> **EXERCISE GOAL**
For the data below, work out how many lines contain the word "thesis" and supply only that number.

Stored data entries

● ● ●

lemma integrable_quantile:
  assumes "X \<in> Linf M" "f \<in> borel_measurable borel" "\<And>x. \<bar>f x\<bar> \<le> 1"
  shows "integrable uniform01 (\<lambda>\<beta>. f \<beta> * quantile M X \<beta>)"
proof -
  obtain C where X: "X \<in> borel_measurable M" "0 \<le> C" "AE \<omega> in M. \<bar>X \<omega>\<bar> \<le> C"
    using LinfE[OF assms(1)] by blast
  have "\<bar>f \<beta> * quantile M X \<beta>\<bar> \<le> 1 * C" for \<beta>
    unfolding abs_mult using assms(3) abs_quantile_le[OF X(1,3,2)] by (intro mult_mono) auto
  then show ?thesis using quantile_measurable[OF X(1)] assms(2)
    by (intro integrable_uniform01_bounded[where B=C]) auto
qed

lemma ES_eq_tail_integral:
  assumes "X \<in> borel_measurable M" "0 \<le> \<alpha>" "\<alpha> < 1"
  shows "ES M \<alpha> X = ereal (tail_integral M \<alpha> X / (1 - \<alpha>))"
proof -
  have "(LBINT \<beta>=ereal \<alpha>..ereal 1. real_of_ereal (VaR M \<beta> X))
      = integral\<^sup>L lborel (\<lambda>\<beta>. indicator {\<alpha><..<1} \<beta> * real_of_ereal (VaR M \<beta> X))"
    using assms by (simp add: interval_integral_Ioo set_lebesgue_integral_def)
  also have "\<dots> = integral\<^sup>L lborel
      (\<lambda>\<beta>. indicator {0<..<1} \<beta> *\<^sub>R (indicator {\<alpha><..1} \<beta> * quantile M X \<beta>))"
    by (rule Bochner_Integration.integral_cong)
      (use VaR_eq_quantile[OF assms(1)] assms(2) in \<open>auto simp: indicator_def\<close>)
  also have "\<dots> = tail_integral M \<alpha> X"
    unfolding tail_integral_def uniform01_def by (subst integral_restrict_space) auto
  finally show ?thesis using assms by (simp add: ES_def)
qed

lemma VaR_plus_le_quantile:
  assumes "X \<in> borel_measurable M" "\<alpha> < \<beta>" "0 < \<beta>" "\<beta> < 1"
  shows "VaR_plus M \<alpha> X \<le> ereal (quantile M X \<beta>)"
proof -
  have "\<beta> \<le> measure M {\<omega>\<in>space M. X \<omega> \<le> quantile M X \<beta>}"
    using quantile_le_iff[OF assms(1,3,4), of "quantile M X \<beta>"] by simp
  then show ?thesis
    using assms(2) unfolding VaR_plus_def by (auto intro: Inf_lower)
qed

lemma VaR_plus_le_ES:
  assumes "X \<in> Linf M" "0 \<le> \<alpha>" "\<alpha> < 1"
  shows "VaR_plus M \<alpha> X \<le> ES M \<alpha> X"
proof (cases "VaR_plus M \<alpha> X")
  case (real v)
  have X: "X \<in> borel_measurable M" using assms(1) by (simp add: Linf_def)
  have "v * (1 - \<alpha>) = integral\<^sup>L uniform01 (\<lambda>\<beta>. indicator {\<alpha><..1} \<beta> * v)"
    by (subst integral_uniform01_indicator_Ioc) (use assms in auto)
  also have "\<dots> \<le> tail_integral M \<alpha> X"
    unfolding tail_integral_def
  proof (rule integral_mono)
    show "integrable uniform01 (\<lambda>\<beta>. indicator {\<alpha><..1} \<beta> * v)"
      by (rule integrable_uniform01_bounded[where B="\<bar>v\<bar>"]) (auto simp: indicator_def)
    show "integrable uniform01 (\<lambda>\<beta>. indicator {\<alpha><..1} \<beta> * quantile M X \<beta>)"
      by (rule integrable_quantile[OF assms(1)]) auto
    show "indicator {\<alpha><..1} \<beta> * v \<le> indicator {\<alpha><..1} \<beta> * quantile M X \<beta>"
      if "\<beta> \<in> space uniform01" for \<beta>
      using that VaR_plus_le_quantile[OF X, of \<alpha> \<beta>] real
      by (auto simp: indicator_def space_uniform01)
  qed
  finally show ?thesis
    using real ES_eq_tail_integral[OF X assms(2,3)] assms(3) by (simp add: field_simps)
qed (use VaR_plus_le_quantile[of X \<alpha> "(\<alpha> + 1) / 2"] assms in \<open>auto simp: Linf_def\<close>)

lemma VaR_le_ES:
  assumes "X \<in> Linf M" "0 < \<alpha>" "\<alpha> \<le> 1"
  shows "VaR M \<alpha> X \<le> ES M \<alpha> X"
  using order.trans[OF VaR_le_VaR_plus VaR_plus_le_ES[OF assms(1)]] assms
  by (cases "\<alpha> = 1") (auto simp: ES_one_eq_VaR)

lemma tail_integral_diff_le:
  assumes X: "X \<in> borel_measurable M" "AE \<omega> in M. \<bar>X \<omega>\<bar> \<le> C" "0 \<le> C"
    and b: "0 \<le> b" "b \<le> \<alpha>" "\<alpha> \<le> 1"
  shows "tail_integral M \<alpha> X - C * (\<alpha> - b) \<le> tail_integral M b X"
proof -
  have Linf: "X \<in> Linf M" using X by (auto simp: Linf_def)
  have C_int: "integrable uniform01 (\<lambda>\<beta>. indicator {b<..\<alpha>} \<beta> * C)"
    by (rule integrable_uniform01_bounded[where B=C]) (use X(3) in \<open>auto simp: indicator_def\<close>)
  have "tail_integral M \<alpha> X - C * (\<alpha> - b) =
      integral\<^sup>L uniform01 (\<lambda>\<beta>. indicator {\<alpha><..1} \<beta> * quantile M X \<beta> - indicator {b<..\<alpha>} \<beta> * C)"
    unfolding tail_integral_def integral_uniform01_indicator_Ioc[OF b, symmetric]
    by (rule Bochner_Integration.integral_diff[OF integrable_quantile[OF Linf] C_int, symmetric])
      auto
  also have "\<dots> \<le> tail_integral M b X"
    unfolding tail_integral_def
  proof (rule integral_mono)
    show "integrable uniform01
        (\<lambda>\<beta>. indicator {\<alpha><..1} \<beta> * quantile M X \<beta> - indicator {b<..\<alpha>} \<beta> * C)"
      using integrable_quantile[OF Linf, of "indicator {\<alpha><..1}"] C_int by auto
    show "indicator {\<alpha><..1} \<beta> * quantile M X \<beta> - indicator {b<..\<alpha>} \<beta> * C
        \<le> indicator {b<..1} \<beta> * quantile M X \<beta>" for \<beta>
      using abs_quantile_le[OF X, of \<beta>] b by (auto simp: indicator_def abs_le_iff)
  qed (rule integrable_quantile[OF Linf]; auto)
  finally show ?thesis .
qed

lemma integrable_excess:
  assumes "X \<in> Linf M"
  shows "integrable M (\<lambda>\<omega>. max (X \<omega> - t) 0)"
proof -
  obtain C where X: "X \<in> borel_measurable M" "0 \<le> C" "AE \<omega> in M. \<bar>X \<omega>\<bar> \<le> C"
    using LinfE[OF assms] by blast
  show ?thesis
  proof (rule integrable_const_bound[where B="C + \<bar>t\<bar>"])
    show "AE \<omega> in M. norm (max (X \<omega> - t) 0) \<le> C + \<bar>t\<bar>"
      using X(3) by eventually_elim auto
  qed (use X(1) in auto)
qed

lemma abs_excess_quantile_le:
  assumes "X \<in> borel_measurable M" "0 \<le> C" "AE \<omega> in M. \<bar>X \<omega>\<bar> \<le> C"
  shows "\<bar>max (quantile M X \<beta> - t) 0\<bar> \<le> C + \<bar>t\<bar>"
  using abs_quantile_le[OF assms(1,3,2), of \<beta>] by (auto simp: abs_le_iff max_def)

text \<open>The Rockafellar-Uryasev representation
  \<open>tail_integral M \<alpha> X = min\<^sub>t (t * (1 - \<alpha>) + E[max (X - t) 0])\<close>; the minimum is
  attained at the \<open>\<alpha>\<close>-quantile (at a lower bound of X if \<open>\<alpha> = 0\<close>).\<close>

lemma tail_integral_excess_split:
  assumes "X \<in> Linf M" "0 \<le> \<alpha>" "\<alpha> \<le> 1"
  shows "integral\<^sup>L uniform01 (\<lambda>\<beta>. indicator {\<alpha><..1} \<beta> * t + max (quantile M X \<beta> - t) 0)
    = t * (1 - \<alpha>) + integral\<^sup>L M (\<lambda>\<omega>. max (X \<omega> - t) 0)"
proof -
  obtain C where X: "X \<in> borel_measurable M" "0 \<le> C" "AE \<omega> in M. \<bar>X \<omega>\<bar> \<le> C"
    using LinfE[OF assms(1)] by blast
  have "integrable uniform01 (\<lambda>\<beta>. indicator {\<alpha><..1} \<beta> * t)"
    by (rule integrable_uniform01_bounded[where B="\<bar>t\<bar>"]) (auto simp: indicator_def)
  moreover have "integrable uniform01 (\<lambda>\<beta>. max (quantile M X \<beta> - t) 0)"
    by (rule integrable_uniform01_bounded[where B="C + \<bar>t\<bar>"])
      (use quantile_measurable[OF X(1)] abs_excess_quantile_le[OF X] in auto)
  ultimately show ?thesis
    using integral_uniform01_indicator_Ioc[of \<alpha> 1 t] assms(2,3)
      integral_quantile[OF X(1), of "\<lambda>x. max (x - t) 0"] by simp
qed

lemma tail_integral_le_excess:
  assumes "X \<in> Linf M" "0 \<le> \<alpha>" "\<alpha> \<le> 1"
  shows "tail_integral M \<alpha> X \<le> t * (1 - \<alpha>) + integral\<^sup>L M (\<lambda>\<omega>. max (X \<omega> - t) 0)"
  unfolding tail_integral_def tail_integral_excess_split[OF assms, symmetric]
proof (rule integral_mono)
  obtain C where X: "X \<in> borel_measurable M" "0 \<le> C" "AE \<omega> in M. \<bar>X \<omega>\<bar> \<le> C"
    using LinfE[OF assms(1)] by blast
  show "integrable uniform01 (\<lambda>\<beta>. indicator {\<alpha><..1} \<beta> * quantile M X \<beta>)"
    by (rule integrable_quantile[OF assms(1)]) auto
  show "integrable uniform01 (\<lambda>\<beta>. indicator {\<alpha><..1} \<beta> * t + max (quantile M X \<beta> - t) 0)"
  proof (rule integrable_uniform01_bounded[where B="\<bar>t\<bar> + (C + \<bar>t\<bar>)"])
    show "\<bar>indicator {\<alpha><..1} \<beta> * t + max (quantile M X \<beta> - t) 0\<bar> \<le> \<bar>t\<bar> + (C + \<bar>t\<bar>)" for \<beta>
      using abs_excess_quantile_le[OF X, of \<beta> t]
      by (intro order.trans[OF abs_triangle_ineq add_mono]) (auto simp: indicator_def)
  qed (use quantile_measurable[OF X(1)] in auto)
qed (auto simp: indicator_def)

● ● ●

> **SOLUTION TO THIS PROBLEM**
7